### YOUR OBJECTIVE
Show all lines of the entries in which the word "have" is found.
Top of TASK INPUT
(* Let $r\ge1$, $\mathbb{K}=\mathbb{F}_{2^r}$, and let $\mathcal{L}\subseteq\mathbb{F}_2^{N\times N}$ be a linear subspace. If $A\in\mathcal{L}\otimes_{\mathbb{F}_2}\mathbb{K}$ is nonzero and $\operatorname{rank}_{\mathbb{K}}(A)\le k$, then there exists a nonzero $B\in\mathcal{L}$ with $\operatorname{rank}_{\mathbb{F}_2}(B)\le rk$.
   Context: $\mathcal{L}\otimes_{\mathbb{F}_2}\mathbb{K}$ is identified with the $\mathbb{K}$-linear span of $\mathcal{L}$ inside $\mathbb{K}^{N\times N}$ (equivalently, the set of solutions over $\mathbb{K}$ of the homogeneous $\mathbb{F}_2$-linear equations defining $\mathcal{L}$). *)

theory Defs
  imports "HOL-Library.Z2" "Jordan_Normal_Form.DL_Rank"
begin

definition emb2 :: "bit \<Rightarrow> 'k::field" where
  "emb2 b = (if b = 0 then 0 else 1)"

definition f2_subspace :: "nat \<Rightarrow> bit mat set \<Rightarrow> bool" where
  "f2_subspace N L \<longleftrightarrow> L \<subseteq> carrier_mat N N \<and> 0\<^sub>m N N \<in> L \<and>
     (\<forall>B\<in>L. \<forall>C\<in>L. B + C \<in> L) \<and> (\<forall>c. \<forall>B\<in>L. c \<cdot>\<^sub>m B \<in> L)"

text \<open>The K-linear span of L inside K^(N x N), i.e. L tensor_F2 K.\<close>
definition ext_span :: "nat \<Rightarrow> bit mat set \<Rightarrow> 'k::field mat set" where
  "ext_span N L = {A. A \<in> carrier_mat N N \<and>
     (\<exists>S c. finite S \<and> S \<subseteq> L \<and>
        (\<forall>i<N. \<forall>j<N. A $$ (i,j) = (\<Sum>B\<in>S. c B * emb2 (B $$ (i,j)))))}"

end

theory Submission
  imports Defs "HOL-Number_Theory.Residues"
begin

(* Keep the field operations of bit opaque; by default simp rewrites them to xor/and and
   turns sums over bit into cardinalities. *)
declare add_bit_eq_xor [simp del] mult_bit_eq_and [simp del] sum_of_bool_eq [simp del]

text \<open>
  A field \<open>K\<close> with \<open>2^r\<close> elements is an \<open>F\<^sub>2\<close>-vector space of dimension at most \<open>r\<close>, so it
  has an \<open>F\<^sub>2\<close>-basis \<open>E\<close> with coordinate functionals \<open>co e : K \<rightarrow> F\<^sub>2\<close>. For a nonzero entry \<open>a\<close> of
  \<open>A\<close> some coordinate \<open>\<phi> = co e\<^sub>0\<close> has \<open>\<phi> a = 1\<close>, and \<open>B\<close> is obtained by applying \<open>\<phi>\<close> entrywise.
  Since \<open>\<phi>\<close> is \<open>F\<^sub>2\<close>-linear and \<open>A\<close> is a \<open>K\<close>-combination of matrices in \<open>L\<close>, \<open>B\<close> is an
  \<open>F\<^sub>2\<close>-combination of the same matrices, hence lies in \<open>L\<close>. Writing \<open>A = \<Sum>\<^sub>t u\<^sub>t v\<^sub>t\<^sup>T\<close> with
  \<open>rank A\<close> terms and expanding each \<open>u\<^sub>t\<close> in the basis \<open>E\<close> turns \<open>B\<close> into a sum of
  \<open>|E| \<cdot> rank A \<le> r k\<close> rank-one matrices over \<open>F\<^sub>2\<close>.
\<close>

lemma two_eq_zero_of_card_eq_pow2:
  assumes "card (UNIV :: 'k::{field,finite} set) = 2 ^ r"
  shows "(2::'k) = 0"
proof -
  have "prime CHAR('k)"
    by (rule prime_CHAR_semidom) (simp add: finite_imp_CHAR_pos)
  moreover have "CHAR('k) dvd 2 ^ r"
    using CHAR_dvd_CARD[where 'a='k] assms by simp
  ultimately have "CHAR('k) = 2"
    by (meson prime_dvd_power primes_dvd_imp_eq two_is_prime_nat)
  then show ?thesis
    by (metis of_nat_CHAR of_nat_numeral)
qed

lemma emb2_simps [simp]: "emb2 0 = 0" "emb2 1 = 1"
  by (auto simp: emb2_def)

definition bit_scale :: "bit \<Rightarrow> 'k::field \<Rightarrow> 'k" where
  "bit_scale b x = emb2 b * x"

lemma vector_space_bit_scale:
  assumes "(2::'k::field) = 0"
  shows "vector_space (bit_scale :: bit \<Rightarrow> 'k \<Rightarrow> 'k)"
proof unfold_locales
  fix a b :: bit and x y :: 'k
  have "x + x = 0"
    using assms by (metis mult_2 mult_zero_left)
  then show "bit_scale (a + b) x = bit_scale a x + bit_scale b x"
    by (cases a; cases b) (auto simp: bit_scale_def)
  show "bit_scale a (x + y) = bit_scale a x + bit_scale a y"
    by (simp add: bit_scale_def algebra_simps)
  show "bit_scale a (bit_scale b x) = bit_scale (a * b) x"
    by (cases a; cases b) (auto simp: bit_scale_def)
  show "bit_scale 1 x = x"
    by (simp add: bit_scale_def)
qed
Bottom of TASK INPUT
### RESULT OF THIS TASK
  have "prime CHAR('k)"
  moreover have "CHAR('k) dvd 2 ^ r"
  ultimately have "CHAR('k) = 2"
  have "x + x = 0"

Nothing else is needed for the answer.